In many imaging applications excessive film curl can cause serious difficulties with film transport and handling and it is, therefore, important to reduce the core-set propensity of the image-bearing film to meet system specifications. Over the years many approaches have been taken to reduce core-set curl in photographic films. Most approaches are associated with the film base, which normally makes the most significant contribution to the core-set curl produced by the film. These approaches can be generally grouped in terms of five distinct mechanisms: (1) physical aging, (2) inherent curl, (3) ironing, (4) reverse winding, and (5) addition of a restraining layer. Each of these mechanisms is applicable for certain types of films and selection of one over the other depends on the particular circumstances of the problem at hand. Following is a brief summary of these general approaches.
(1) Physical Aging.
This method is practiced by heating the finished film (usually but not always) in a wound state to relatively high temperatures (typically 10 to 40°C C. below the glass transition temperature) for relatively long times (typically >1 day) in order to lower the propensity of the film to take up curl in subsequent winding operations. This method changes the relaxation characteristics of the film (an aged film relaxes slower than a fresh film) and is especially useful when the final winding diameter of the film is much less than the diameter during annealing. This approach is discussed in U.S. Pat. Nos. 4,141,735; 5,254,445; 5,629,141 and 5,585,229.
(2) Inherent Curl.
During the manufacture of film support it is possible to induce curl in a given direction by differentially (asymmetrically) heating the film during the stretching step, i.e., by inducing a temperature gradient of ca. 10-15°C C. across the thickness of the film as it is stretched above the glass transition temperature. If this inherent curl is in a direction opposite of the expected core-set curl it will compensate to some extent for the curl induced during winding and will yield lower effective curl. This method requires significant modification of the film manufacturing process and fine-tuning the stretching temperature of the material. This approach is considered in U.S. Pat. Nos. 4,892,689 and 4,994,214. The latter combines the inherent curl approach with physical aging; it clearly requires a fundamental change in the film making process as well as storage for long times at relatively high temperatures.
(3) Ironing.
By heating relatively short and narrow film sections to temperatures in the vicinity of Tg it is possible to remove curl induced by core-set. This method requires some tension as the film is conveyed through the heating device and the heated film must be either flat or slightly curved in a direction opposite of the expected core-set curl. Residence times for this heating method are relatively short, of the order of minutes or less. However, this method is not ideally suited for treating wide and long production rolls because of the difficulty of controlling temperature uniformity and the possibility of scratching the film and damaging the coated emulsions within the ironing device. Examples of this approach are discussed in U.S. Pat. Nos. 3,916,022; 4,808,363; 4,851,174 and 5,549,864.
(4) Reverse Winding.
By winding the film in the opposite direction of its induced core-set curl the curl value can be reduced. This can be done in principle at any temperature but the rate of curl change depends on the temperature at which the film is stored and may require very long times to achieve a meaningful reduction in curl at ambient conditions. U.S. Pat. No. 3,806,574 falls under this general category but the way it is proposed in the preferred embodiment is not suitable for use in an on-line production mode since the reverse wound roll must be stored for long times (depending on the original storage time), often greater than one day, to make an effective change in curl. In an attempt to alleviate this problem, U.S. Pat. No. 5,795,512 teaches that a combination of reverse winding and mild heating of the film can effectively reduce core-set curl after relatively short storage times.

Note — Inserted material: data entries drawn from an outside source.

text \<open>
  For a vertex \<open>v\<close>, the
  chains on faces avoiding \<open>v\<close> form the subcomplex \<open>Ind(G - v)\<close>, and the quotient is the cone
  over \<open>Ind(G - N[v])\<close> shifted up by one degree; the long exact sequence of this pair gives
  \<open>btilde G \<le> btilde (G - v) + btilde (G - N[v])\<close>.

  Let \<open>G\<close> be \<open>H\<^sub>1 \<squnion> H\<^sub>2\<close>-free on \<open>n\<close> vertices. If \<open>G\<close> has no induced \<open>H\<^sub>1\<close>, then
  \<open>btilde G \<le> bbar H\<^sub>1 n\<close>. Otherwise let \<open>T\<close> be the closed neighbourhood of an induced copy of
  \<open>H\<^sub>1\<close>; then \<open>G - X\<close> is \<open>H\<^sub>2\<close>-free whenever \<open>T \<subseteq> X\<close>. If \<open>|T| \<le> |H\<^sub>1| d\<close>, branching with
  the inequality above on the vertices of \<open>T\<close> gives \<open>btilde G \<le> 2^(|H\<^sub>1| d) bbar H\<^sub>2 n\<close>;
  otherwise some vertex of the copy has a closed neighbourhood of more than \<open>d\<close> vertices, and
  branching on it removes one vertex in one branch and more than \<open>d\<close> in the other. So if
  \<open>c \<le> c^d (c - 1)\<close>, induction on \<open>n\<close> gives
  \<open>btilde G \<le> 2^(|H\<^sub>1| d) max (bbar H\<^sub>1 n) (bbar H\<^sub>2 n) c^n\<close>. Taking \<open>n\<close>-th roots,
  \<open>Cbar (H\<^sub>1 \<squnion> H\<^sub>2) \<le> c\<^sup>2 max (Cbar H\<^sub>1) (Cbar H\<^sub>2)\<close> for every \<open>c > 1\<close>. Conversely, every
  \<open>H\<^sub>i\<close>-free graph is \<open>H\<^sub>1 \<squnion> H\<^sub>2\<close>-free.
\<close>

section \<open>Dimension counting in vector spaces\<close>

context vector_space
begin

lemma dim_mono_finite_span:
  assumes "S \<subseteq> T" "T \<subseteq> span W" "finite W"
  shows "dim S \<le> dim T"
proof -
  obtain BS where BS: "BS \<subseteq> S" "independent BS" "S \<subseteq> span BS" "card BS = dim S"
    by (rule basis_exists)
  obtain BT where BT: "BT \<subseteq> T" "independent BT" "T \<subseteq> span BT" "card BT = dim T"
    by (rule basis_exists)
  have "finite BT" using independent_span_bound[OF assms(3) BT(2)] BT(1) assms(2) by blast
  moreover have "BS \<subseteq> span BT" using BS(1) assms(1) BT(3) by blast
  ultimately have "card BS \<le> card BT" using independent_span_bound[OF _ BS(2)] by blast
  then show ?thesis using BS BT by simp
qed

lemma dim_subset_zero: "S \<subseteq> {0} \<Longrightarrow> dim S = 0"
  using dim_le_card[of S "{}"] by auto

lemma dim_le_dim_kernel_add_dim_image:
  assumes lin: "Vector_Spaces.linear scale scale f" and sub: "subspace S"
    and fin: "S \<subseteq> span W" "finite W"
  shows "dim S \<le> dim {x\<in>S. f x = 0} + dim (f ` S)"
proof -
  interpret L: Vector_Spaces.linear scale scale f by fact
  define K where "K = {x\<in>S. f x = 0}"
  obtain BK where BK: "BK \<subseteq> K" "independent BK" "K \<subseteq> span BK" "card BK = dim K"
    by (rule basis_exists)
  have fin_BK: "finite BK"
    using independent_span_bound[OF fin(2) BK(2)] BK(1) fin(1) K_def by blast
  obtain BF where BF: "BF \<subseteq> f ` S" "independent BF" "f ` S \<subseteq> span BF" "card BF = dim (f ` S)"
    by (rule basis_exists)
  have "f ` S \<subseteq> span (f ` W)" using fin(1) L.span_image by blast
  then have fin_BF: "finite BF" using independent_span_bound[OF _ BF(2)] BF(1) fin(2) by blast
  have "\<forall>y\<in>BF. \<exists>x. x \<in> S \<and> f x = y" using BF(1) by blast
  then obtain g where g: "\<And>y. y \<in> BF \<Longrightarrow> g y \<in> S \<and> f (g y) = y" by metis
  define P where "P = g ` BF"
  have P_sub: "P \<subseteq> S" and f_P: "f ` P = BF" using g unfolding P_def by force+
  have "S \<subseteq> span (BK \<union> P)"
  proof
    fix x assume x: "x \<in> S"
    have "f x \<in> f ` span P" using x BF(3) f_P L.span_image[of P] by auto
    then obtain y where y: "y \<in> span P" "f y = f x" by auto
    have "y \<in> S" using y(1) span_minimal[OF P_sub sub] by blast
    then have "x - y \<in> K" using x y K_def L.diff subspace_diff[OF sub] by auto
    then have "x - y \<in> span (BK \<union> P)" using BK(3) span_mono[of BK "BK \<union> P"] by blast
    moreover have "y \<in> span (BK \<union> P)" using y(1) span_mono[of P "BK \<union> P"] by blast
    ultimately have "(x - y) + y \<in> span (BK \<union> P)" by (rule span_add)
    then show "x \<in> span (BK \<union> P)" by simp
  qed
  then have "dim S \<le> card (BK \<union> P)" using dim_le_card fin_BK fin_BF P_def by blast
  also have "\<dots> \<le> card BK + card P" by (rule card_Un_le)
  also have "card P \<le> card BF" unfolding P_def using fin_BF card_image_le by blast
  finally have "dim S \<le> dim K + dim (f ` S)" using BK(4) BF(4) by linarith
  then show ?thesis unfolding K_def .
qed

lemma dim_kernel_add_dim_image_le:
  assumes lin: "Vector_Spaces.linear scale scale f" and fin: "S \<subseteq> span W" "finite W"
  shows "dim {x\<in>S. f x = 0} + dim (f ` S) \<le> dim S"
proof -
  interpret L: Vector_Spaces.linear scale scale f by fact
  define K where "K = {x\<in>S. f x = 0}"
  obtain BK where BK: "BK \<subseteq> K" "independent BK" "K \<subseteq> span BK" "card BK = dim K"
    by (rule basis_exists)
  obtain B where B: "BK \<subseteq> B" "B \<subseteq> S" "independent B" "S \<subseteq> span B"
    using maximal_independent_subset_extend[of BK S] BK(1,2) K_def by auto
  have fin_B: "finite B" using independent_span_bound[OF fin(2) B(3)] B(2) fin(1) by blast
  have "f ` B \<subseteq> insert 0 (f ` (B - BK))" using BK(1) K_def by auto
  then have "span (f ` B) \<subseteq> span (f ` (B - BK))" by (metis span_insert_0 span_mono)
  moreover have "f ` S \<subseteq> span (f ` B)" using B(4) L.span_image by blast
  ultimately have "dim (f ` S) \<le> card (f ` (B - BK))"
    using dim_le_card[of "f ` S" "f ` (B - BK)"] fin_B by blast
  also have "\<dots> \<le> card (B - BK)" using fin_B card_image_le by blast
  also have "\<dots> = card B - card BK" using fin_B B(1) by (meson card_Diff_subset finite_subset)
  finally have "dim K + dim (f ` S) \<le> dim S"
    using basis_card_eq_dim[OF B(2,4,3)] BK(4) card_mono[OF fin_B B(1)] by linarith
  then show ?thesis unfolding K_def .
qed

lemma rank_nullity_finite_span:
  assumes "Vector_Spaces.linear scale scale f" "subspace S" "S \<subseteq> span W" "finite W"
  shows "dim S = dim {x\<in>S. f x = 0} + dim (f ` S)"
  using dim_le_dim_kernel_add_dim_image[OF assms] dim_kernel_add_dim_image_le[OF assms(1,3,4)]
  by linarith

lemma dim_image_eq_finite_span:
  assumes "Vector_Spaces.linear scale scale f" "subspace S" "S \<subseteq> span W" "finite W"
    and "\<And>x. x \<in> S \<Longrightarrow> f x = 0 \<Longrightarrow> x = 0"
  shows "dim (f ` S) = dim S"
  using rank_nullity_finite_span[OF assms(1-4)] dim_subset_zero[of "{x\<in>S. f x = 0}"] assms(5)
  by auto

text \<open>
  The next two lemmas bound the homology of a complex \<open>C' \<rightarrow> C \<rightarrow> _\<close> by the homologies of a
  subcomplex and of the quotient, where the subcomplex is the kernel of an idempotent \<open>p\<close> and the
  quotient is identified with the image of \<open>p\<close>, carrying the differential \<open>p \<circ> d\<close>.
\<close>

lemma dim_cycles_le_split:
  assumes C: "subspace C" "C \<subseteq> span W" "finite W"
    and d: "Vector_Spaces.linear scale scale d" and p: "Vector_Spaces.linear scale scale p"
    and p_C: "\<And>c. c \<in> C \<Longrightarrow> p c \<in> C" and p_idem: "\<And>c. p (p c) = p c"
    and d_ker: "\<And>a. a \<in> C \<Longrightarrow> p a = 0 \<Longrightarrow> p (d a) = 0"
  shows "dim {c\<in>C. d c = 0} \<le> dim {c\<in>C. p c = 0 \<and> d c = 0} + dim {c\<in>C. p c = c \<and> p (d c) = 0}"
proof -
  interpret D: Vector_Spaces.linear scale scale d by fact
  interpret P: Vector_Spaces.linear scale scale p by fact
  define Z where "Z = {c\<in>C. d c = 0}"
  have "Z = C \<inter> {x. d x = 0}" unfolding Z_def by auto
  then have "subspace Z" using subspace_inter[OF C(1) D.subspace_kernel] by simp
  then have "dim Z = dim {x\<in>Z. p x = 0} + dim (p ` Z)"
    using rank_nullity_finite_span[OF p _ _ C(3)] C(2) Z_def by blast
  moreover have "{x\<in>Z. p x = 0} = {c\<in>C. p c = 0 \<and> d c = 0}" unfolding Z_def by auto
  moreover have "p ` Z \<subseteq> {c\<in>C. p c = c \<and> p (d c) = 0}"
  proof
    fix y assume "y \<in> p ` Z"
    then obtain z where z: "z \<in> C" "d z = 0" "y = p z" unfolding Z_def by blast
    have "z - p z \<in> C" using subspace_diff[OF C(1) z(1) p_C[OF z(1)]] .
    moreover have "p (z - p z) = 0" using P.diff p_idem by simp
    ultimately have "p (d (z - p z)) = 0" by (rule d_ker)
    then have "p (d (p z)) = 0" using D.diff P.diff P.neg z(2) by simp
    then show "y \<in> {c\<in>C. p c = c \<and> p (d c) = 0}" using z p_C p_idem by auto
  qed
  then have "dim (p ` Z) \<le> dim {c\<in>C. p c = c \<and> p (d c) = 0}"
    by (rule dim_mono_finite_span[OF _ _ C(3)]) (use C(2) in auto)
  ultimately show ?thesis unfolding Z_def[symmetric] by simp
qed

lemma dim_boundaries_split_le:
  assumes C: "subspace C" "C \<subseteq> span W" "finite W"
    and d: "Vector_Spaces.linear scale scale d" and p: "Vector_Spaces.linear scale scale p"
    and p_C: "\<And>c. c \<in> C \<Longrightarrow> p c \<in> C" and p_idem: "\<And>c. p (p c) = p c"
    and d_ker: "\<And>a. a \<in> C \<Longrightarrow> p a = 0 \<Longrightarrow> p (d a) = 0"
  shows "dim (d ` {c\<in>C. p c = 0}) + dim ((\<lambda>c. p (d c)) ` {c\<in>C. p c = c}) \<le> dim (d ` C)"
proof -
  interpret D: Vector_Spaces.linear scale scale d by fact
  interpret P: Vector_Spaces.linear scale scale p by fact
  have B_span: "d ` C \<subseteq> span (d ` W)" using C(2) D.span_image by blast
  have "dim (d ` C) = dim {x \<in> d ` C. p x = 0} + dim (p ` d ` C)"
    using rank_nullity_finite_span[OF p D.subspace_image[OF C(1)] B_span] C(3) by simp
  moreover have "dim (d ` {c\<in>C. p c = 0}) \<le> dim {x \<in> d ` C. p x = 0}"
    by (rule dim_mono_finite_span[OF _ _ finite_imageI[OF C(3)]]) (use B_span d_ker in auto)
  moreover have "p ` d ` C = (\<lambda>c. p (d c)) ` {c\<in>C. p c = c}"
  proof
    show "p ` d ` C \<subseteq> (\<lambda>c. p (d c)) ` {c\<in>C. p c = c}"
    proof
      fix y assume "y \<in> p ` d ` C"
      then obtain c where c: "c \<in> C" "y = p (d c)" by blast
      have "c - p c \<in> C" using subspace_diff[OF C(1) c(1) p_C[OF c(1)]] .
      moreover have "p (c - p c) = 0" using P.diff p_idem by simp
      ultimately have "p (d (c - p c)) = 0" by (rule d_ker)
      then have "p (d c) = p (d (p c))" using D.diff P.diff by simp
      then show "y \<in> (\<lambda>c. p (d c)) ` {c\<in>C. p c = c}" using c p_C p_idem by auto
    qed
  qed auto
  ultimately show ?thesis by simp
qed

end

section \<open>Chains of the independence complex\<close>

lemma fscale_vector_space: "vector_space (fscale :: 'k::field \<Rightarrow> (nat set \<Rightarrow> 'k) \<Rightarrow> _)"
  by unfold_locales (auto simp: fscale_def fun_eq_iff algebra_simps)

interpretation chain_space: vector_space "fscale :: 'k::field \<Rightarrow> (nat set \<Rightarrow> 'k) \<Rightarrow> _"
  by (rule fscale_vector_space)

definition cycles :: "'k::field itself \<Rightarrow> nat graph \<Rightarrow> nat \<Rightarrow> (nat set \<Rightarrow> 'k) set" where
  "cycles K G k = {c \<in> chains K G k. bd G k c = 0}"

definition boundaries :: "'k::field itself \<Rightarrow> nat graph \<Rightarrow> nat \<Rightarrow> (nat set \<Rightarrow> 'k) set" where
  "boundaries K G k = bd G (Suc k) ` chains K G (Suc k)"

lemma red_betti_eq_dim_cycles_boundaries:
  "red_betti K G k = chain_space.dim (cycles K G k) - chain_space.dim (boundaries K G k)"
  by (simp add: red_betti_def kdim_def cycles_def boundaries_def zero_fun_def)

definition del_vertices :: "nat graph \<Rightarrow> nat set \<Rightarrow> nat graph" where
  "del_vertices G X = (fst G - X, \<lambda>x y. snd G x y \<and> x \<notin> X \<and> y \<notin> X)"

definition closed_nbhd :: "nat graph \<Rightarrow> nat \<Rightarrow> nat set" where
  "closed_nbhd G v = insert v {u. snd G v u}"

definition unit_chain :: "nat set \<Rightarrow> (nat set \<Rightarrow> 'k::field)" where
  "unit_chain \<sigma> = (\<lambda>\<tau>. if \<tau> = \<sigma> then 1 else 0)"

text \<open>\<open>star_part v\<close> is the idempotent whose kernel is the subcomplex \<open>Ind(G - v)\<close>.\<close>

definition star_part :: "nat \<Rightarrow> (nat set \<Rightarrow> 'k::field) \<Rightarrow> (nat set \<Rightarrow> 'k)" where
  "star_part v c = (\<lambda>\<sigma>. if v \<in> \<sigma> then c \<sigma> else 0)"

(5) Addition of a Restraining Layer.
U.S. Pat. No. 6,071,682 teaches that by coating a thin polymeric layer on the side of the base opposite the emulsion it is possible to reduce the core-set propensity of the base layer provided that the coated layer is sufficiently thick and that the glass transition temperature of the polymeric layer is equal to or greater than that of the base layer.
All of the above approaches involve changes applied to the base layer. In photographic films comprising relatively thick emulsion layers, the contribution of the emulsion layer to film core-set can be appreciable and changes in the composition and structure of this layer can impart significant changes to film core-set.
The present invention discloses that the emulsion layer can be made to affect film core-set. In particular, when the melting point of the emulsion layer is lowered, film set curl is significantly lowered.
The art needs new approaches to this problem, including changes to the emulsion layers, especially when they are relatively thick.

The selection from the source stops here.